[Stored data]
· · · ·
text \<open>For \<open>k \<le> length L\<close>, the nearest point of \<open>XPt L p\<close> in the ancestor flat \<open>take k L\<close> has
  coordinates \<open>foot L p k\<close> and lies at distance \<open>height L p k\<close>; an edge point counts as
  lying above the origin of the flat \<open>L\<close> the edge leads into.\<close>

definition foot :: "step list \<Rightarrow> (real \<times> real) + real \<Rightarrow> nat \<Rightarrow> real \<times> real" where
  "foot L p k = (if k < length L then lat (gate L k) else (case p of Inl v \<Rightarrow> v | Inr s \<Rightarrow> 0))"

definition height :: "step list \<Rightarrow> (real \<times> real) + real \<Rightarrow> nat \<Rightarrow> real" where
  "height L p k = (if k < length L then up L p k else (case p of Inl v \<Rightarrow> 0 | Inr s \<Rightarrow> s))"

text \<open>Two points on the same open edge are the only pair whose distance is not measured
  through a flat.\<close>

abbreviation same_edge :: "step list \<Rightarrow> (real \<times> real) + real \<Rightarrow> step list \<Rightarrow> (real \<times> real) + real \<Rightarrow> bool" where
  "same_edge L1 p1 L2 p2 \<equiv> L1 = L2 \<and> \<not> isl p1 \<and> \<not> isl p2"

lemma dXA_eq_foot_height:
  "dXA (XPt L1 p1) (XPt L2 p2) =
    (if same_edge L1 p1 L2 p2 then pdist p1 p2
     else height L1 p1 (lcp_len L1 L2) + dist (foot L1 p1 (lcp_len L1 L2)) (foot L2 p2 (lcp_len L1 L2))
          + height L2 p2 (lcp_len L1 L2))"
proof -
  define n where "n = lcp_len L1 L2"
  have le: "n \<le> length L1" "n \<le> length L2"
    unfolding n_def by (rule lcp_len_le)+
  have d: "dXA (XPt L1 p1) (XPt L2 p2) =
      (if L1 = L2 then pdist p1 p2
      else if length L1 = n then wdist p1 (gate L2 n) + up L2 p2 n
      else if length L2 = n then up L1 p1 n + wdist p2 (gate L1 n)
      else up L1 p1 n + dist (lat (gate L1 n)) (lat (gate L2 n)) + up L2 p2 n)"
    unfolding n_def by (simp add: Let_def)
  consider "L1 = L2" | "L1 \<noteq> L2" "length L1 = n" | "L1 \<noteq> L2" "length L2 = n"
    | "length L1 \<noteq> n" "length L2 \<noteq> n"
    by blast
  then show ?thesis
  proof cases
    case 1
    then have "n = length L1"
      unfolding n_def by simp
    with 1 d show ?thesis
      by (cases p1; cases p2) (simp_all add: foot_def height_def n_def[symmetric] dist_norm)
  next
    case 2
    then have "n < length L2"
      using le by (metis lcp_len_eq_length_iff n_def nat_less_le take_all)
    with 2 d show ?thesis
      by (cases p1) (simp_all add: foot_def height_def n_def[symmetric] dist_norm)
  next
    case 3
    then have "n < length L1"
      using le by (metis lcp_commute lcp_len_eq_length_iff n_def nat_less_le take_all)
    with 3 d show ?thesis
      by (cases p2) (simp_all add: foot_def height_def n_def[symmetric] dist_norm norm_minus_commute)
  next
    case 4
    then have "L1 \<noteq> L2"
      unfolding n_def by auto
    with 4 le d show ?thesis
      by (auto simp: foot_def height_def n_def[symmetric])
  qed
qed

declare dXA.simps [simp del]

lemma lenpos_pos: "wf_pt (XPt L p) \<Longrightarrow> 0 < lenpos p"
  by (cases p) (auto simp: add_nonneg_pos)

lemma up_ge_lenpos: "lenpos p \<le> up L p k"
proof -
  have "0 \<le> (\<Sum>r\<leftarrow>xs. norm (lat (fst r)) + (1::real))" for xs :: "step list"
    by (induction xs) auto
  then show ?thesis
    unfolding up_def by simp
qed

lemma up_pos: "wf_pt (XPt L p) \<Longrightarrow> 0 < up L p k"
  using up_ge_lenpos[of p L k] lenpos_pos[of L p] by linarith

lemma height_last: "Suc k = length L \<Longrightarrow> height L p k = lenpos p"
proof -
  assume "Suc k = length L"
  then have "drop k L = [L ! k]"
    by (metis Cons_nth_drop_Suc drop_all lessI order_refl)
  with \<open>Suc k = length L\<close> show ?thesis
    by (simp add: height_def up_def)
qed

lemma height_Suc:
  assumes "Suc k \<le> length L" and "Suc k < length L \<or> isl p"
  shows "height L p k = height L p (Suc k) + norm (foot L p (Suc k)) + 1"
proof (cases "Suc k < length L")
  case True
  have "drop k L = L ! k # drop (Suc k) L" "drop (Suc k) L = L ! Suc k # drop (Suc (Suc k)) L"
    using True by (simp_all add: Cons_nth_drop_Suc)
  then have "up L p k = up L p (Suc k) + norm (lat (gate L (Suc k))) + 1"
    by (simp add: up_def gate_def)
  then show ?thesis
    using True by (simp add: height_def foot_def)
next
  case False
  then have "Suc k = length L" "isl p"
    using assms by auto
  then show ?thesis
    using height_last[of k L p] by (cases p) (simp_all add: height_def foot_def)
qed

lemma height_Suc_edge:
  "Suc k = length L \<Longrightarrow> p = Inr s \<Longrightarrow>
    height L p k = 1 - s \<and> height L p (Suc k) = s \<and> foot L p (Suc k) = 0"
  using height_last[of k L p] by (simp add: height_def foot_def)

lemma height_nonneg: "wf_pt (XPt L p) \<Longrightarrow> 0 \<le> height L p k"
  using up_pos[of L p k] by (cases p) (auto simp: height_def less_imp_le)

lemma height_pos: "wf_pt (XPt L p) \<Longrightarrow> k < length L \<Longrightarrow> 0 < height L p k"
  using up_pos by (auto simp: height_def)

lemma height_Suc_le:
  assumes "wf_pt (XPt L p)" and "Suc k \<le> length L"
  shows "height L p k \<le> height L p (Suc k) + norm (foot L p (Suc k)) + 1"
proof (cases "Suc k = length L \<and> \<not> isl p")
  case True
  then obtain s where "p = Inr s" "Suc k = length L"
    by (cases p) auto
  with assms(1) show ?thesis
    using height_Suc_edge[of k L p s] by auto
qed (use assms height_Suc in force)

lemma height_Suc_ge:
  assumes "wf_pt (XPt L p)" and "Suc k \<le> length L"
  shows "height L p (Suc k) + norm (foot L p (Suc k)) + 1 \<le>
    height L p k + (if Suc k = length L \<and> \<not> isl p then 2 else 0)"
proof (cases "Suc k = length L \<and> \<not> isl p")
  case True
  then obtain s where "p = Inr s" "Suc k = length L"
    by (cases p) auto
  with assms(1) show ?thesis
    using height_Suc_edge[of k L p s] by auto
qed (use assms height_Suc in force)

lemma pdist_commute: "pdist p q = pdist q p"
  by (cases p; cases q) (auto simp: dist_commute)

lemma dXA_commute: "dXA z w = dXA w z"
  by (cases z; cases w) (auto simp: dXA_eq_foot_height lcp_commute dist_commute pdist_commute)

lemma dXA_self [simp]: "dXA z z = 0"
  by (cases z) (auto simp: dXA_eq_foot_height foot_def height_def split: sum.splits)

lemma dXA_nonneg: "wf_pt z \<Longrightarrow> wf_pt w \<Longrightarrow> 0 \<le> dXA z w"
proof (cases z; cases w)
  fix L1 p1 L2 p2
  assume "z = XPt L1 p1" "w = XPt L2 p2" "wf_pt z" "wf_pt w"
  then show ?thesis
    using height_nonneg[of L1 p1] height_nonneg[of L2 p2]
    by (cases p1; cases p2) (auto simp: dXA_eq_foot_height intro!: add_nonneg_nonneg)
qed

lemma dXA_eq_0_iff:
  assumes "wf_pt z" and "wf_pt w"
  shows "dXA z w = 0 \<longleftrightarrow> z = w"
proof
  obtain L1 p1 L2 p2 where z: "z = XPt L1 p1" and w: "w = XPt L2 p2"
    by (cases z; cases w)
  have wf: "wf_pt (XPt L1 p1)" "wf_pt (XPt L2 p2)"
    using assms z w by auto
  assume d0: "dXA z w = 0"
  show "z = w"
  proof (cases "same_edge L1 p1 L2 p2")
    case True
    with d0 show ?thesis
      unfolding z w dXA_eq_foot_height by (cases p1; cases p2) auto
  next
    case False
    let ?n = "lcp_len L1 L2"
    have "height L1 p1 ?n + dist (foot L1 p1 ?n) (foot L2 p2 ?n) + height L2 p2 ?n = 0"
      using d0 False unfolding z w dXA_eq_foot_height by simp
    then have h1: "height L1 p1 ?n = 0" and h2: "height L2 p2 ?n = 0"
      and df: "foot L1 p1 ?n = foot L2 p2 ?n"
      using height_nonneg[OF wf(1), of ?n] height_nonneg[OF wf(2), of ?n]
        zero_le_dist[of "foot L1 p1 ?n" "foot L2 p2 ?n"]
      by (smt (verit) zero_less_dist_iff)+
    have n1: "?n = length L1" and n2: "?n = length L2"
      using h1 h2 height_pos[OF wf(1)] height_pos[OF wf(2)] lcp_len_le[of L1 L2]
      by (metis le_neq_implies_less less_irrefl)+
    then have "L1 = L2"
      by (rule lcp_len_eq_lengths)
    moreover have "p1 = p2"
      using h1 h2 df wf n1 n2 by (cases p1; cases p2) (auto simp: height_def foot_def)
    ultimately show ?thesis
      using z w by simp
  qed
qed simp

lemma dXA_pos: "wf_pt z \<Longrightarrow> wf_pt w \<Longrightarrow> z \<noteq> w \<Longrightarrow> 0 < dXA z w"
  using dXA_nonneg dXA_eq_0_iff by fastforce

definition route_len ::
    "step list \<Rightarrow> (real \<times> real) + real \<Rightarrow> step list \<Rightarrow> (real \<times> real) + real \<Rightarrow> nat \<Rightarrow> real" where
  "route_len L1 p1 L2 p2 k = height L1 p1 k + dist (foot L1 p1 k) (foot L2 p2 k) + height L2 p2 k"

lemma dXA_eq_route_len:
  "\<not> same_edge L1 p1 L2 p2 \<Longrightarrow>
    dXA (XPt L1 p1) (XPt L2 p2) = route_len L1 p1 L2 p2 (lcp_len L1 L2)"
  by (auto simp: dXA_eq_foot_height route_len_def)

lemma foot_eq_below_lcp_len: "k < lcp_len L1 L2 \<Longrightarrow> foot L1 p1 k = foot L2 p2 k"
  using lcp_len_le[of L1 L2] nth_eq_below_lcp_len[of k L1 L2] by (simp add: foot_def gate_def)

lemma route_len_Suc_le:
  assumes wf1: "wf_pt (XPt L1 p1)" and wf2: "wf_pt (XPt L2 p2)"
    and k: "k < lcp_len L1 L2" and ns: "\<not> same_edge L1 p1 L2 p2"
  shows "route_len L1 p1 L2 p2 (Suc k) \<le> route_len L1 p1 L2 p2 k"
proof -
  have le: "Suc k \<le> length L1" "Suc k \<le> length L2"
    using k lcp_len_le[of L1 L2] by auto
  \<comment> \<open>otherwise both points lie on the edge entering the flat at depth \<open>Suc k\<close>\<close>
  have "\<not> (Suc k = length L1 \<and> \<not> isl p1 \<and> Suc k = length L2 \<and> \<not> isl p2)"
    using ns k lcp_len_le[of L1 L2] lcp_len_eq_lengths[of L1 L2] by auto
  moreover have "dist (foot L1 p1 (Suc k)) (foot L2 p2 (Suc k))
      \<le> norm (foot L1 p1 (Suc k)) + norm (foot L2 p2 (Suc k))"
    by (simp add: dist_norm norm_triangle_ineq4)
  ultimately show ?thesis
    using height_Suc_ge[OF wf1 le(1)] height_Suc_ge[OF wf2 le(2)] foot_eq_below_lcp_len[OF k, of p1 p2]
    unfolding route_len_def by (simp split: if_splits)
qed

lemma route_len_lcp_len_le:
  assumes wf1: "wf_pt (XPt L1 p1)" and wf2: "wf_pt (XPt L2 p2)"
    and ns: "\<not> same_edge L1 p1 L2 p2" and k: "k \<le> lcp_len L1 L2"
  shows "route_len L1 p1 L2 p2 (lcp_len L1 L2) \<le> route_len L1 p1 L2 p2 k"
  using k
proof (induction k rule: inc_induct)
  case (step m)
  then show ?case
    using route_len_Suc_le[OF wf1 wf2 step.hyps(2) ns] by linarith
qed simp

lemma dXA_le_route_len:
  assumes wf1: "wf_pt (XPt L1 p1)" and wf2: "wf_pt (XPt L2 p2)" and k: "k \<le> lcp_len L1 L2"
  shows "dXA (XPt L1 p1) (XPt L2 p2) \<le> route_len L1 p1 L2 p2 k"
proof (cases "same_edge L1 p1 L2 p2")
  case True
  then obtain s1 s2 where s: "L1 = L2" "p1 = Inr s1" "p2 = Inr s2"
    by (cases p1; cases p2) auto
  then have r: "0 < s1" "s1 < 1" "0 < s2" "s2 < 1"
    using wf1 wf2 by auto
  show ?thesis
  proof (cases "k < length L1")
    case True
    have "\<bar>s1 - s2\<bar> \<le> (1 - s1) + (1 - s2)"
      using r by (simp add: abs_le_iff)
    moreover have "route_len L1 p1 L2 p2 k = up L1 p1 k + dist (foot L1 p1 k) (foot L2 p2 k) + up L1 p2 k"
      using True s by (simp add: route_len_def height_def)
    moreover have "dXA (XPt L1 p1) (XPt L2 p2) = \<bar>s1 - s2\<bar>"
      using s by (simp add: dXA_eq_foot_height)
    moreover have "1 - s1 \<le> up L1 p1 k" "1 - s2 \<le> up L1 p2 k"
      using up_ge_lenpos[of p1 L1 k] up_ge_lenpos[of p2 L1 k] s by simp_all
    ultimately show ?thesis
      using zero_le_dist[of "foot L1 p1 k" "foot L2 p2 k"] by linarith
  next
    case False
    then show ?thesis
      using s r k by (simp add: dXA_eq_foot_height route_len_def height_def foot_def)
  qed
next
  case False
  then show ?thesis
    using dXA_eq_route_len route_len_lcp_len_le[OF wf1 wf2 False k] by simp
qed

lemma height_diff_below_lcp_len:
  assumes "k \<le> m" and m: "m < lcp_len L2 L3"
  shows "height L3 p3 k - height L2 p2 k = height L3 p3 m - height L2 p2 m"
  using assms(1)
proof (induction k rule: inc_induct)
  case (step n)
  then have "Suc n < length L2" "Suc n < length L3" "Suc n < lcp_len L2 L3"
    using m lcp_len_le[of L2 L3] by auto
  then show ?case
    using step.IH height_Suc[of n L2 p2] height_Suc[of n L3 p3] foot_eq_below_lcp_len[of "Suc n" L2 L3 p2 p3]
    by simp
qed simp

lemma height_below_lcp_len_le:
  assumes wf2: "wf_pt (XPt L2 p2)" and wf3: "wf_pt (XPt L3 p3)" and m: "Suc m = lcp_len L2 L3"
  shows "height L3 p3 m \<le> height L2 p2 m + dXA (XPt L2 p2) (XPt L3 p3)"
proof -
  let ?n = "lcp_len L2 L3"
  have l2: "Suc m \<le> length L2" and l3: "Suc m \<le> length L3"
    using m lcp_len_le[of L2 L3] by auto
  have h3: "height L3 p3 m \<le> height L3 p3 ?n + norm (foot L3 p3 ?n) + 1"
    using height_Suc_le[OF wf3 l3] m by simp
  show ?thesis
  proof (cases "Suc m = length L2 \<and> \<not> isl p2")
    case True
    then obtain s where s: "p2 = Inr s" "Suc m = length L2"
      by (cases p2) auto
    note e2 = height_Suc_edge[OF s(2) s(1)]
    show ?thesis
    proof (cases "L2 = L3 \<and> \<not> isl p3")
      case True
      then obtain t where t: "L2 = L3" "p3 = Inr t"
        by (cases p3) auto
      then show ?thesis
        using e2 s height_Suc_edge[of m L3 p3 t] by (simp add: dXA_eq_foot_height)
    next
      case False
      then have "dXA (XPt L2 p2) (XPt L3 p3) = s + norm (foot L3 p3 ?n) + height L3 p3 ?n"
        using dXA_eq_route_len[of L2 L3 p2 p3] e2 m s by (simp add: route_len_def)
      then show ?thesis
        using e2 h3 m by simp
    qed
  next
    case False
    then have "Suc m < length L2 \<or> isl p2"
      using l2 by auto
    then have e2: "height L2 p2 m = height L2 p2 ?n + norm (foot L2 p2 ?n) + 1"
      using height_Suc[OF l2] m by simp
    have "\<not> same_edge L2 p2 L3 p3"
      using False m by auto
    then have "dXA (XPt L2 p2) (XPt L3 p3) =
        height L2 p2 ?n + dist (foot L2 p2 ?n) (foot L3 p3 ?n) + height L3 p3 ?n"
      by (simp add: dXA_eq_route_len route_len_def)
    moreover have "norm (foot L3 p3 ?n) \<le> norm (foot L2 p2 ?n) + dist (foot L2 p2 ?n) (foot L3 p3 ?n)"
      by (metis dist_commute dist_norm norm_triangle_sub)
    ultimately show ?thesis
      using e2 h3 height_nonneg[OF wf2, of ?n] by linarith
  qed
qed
· · · ·
Copy, from the data above, every line where the word "else" appears.

  "foot L p k = (if k < length L then lat (gate L k) else (case p of Inl v \<Rightarrow> v | Inr s \<Rightarrow> 0))"
  "height L p k = (if k < length L then up L p k else (case p of Inl v \<Rightarrow> 0 | Inr s \<Rightarrow> s))"
     else height L1 p1 (lcp_len L1 L2) + dist (foot L1 p1 (lcp_len L1 L2)) (foot L2 p2 (lcp_len L1 L2))
      else if length L1 = n then wdist p1 (gate L2 n) + up L2 p2 n
      else if length L2 = n then up L1 p1 n + wdist p2 (gate L1 n)
      else up L1 p1 n + dist (lat (gate L1 n)) (lat (gate L2 n)) + up L2 p2 n)"
    height L p k + (if Suc k = length L \<and> \<not> isl p then 2 else 0)"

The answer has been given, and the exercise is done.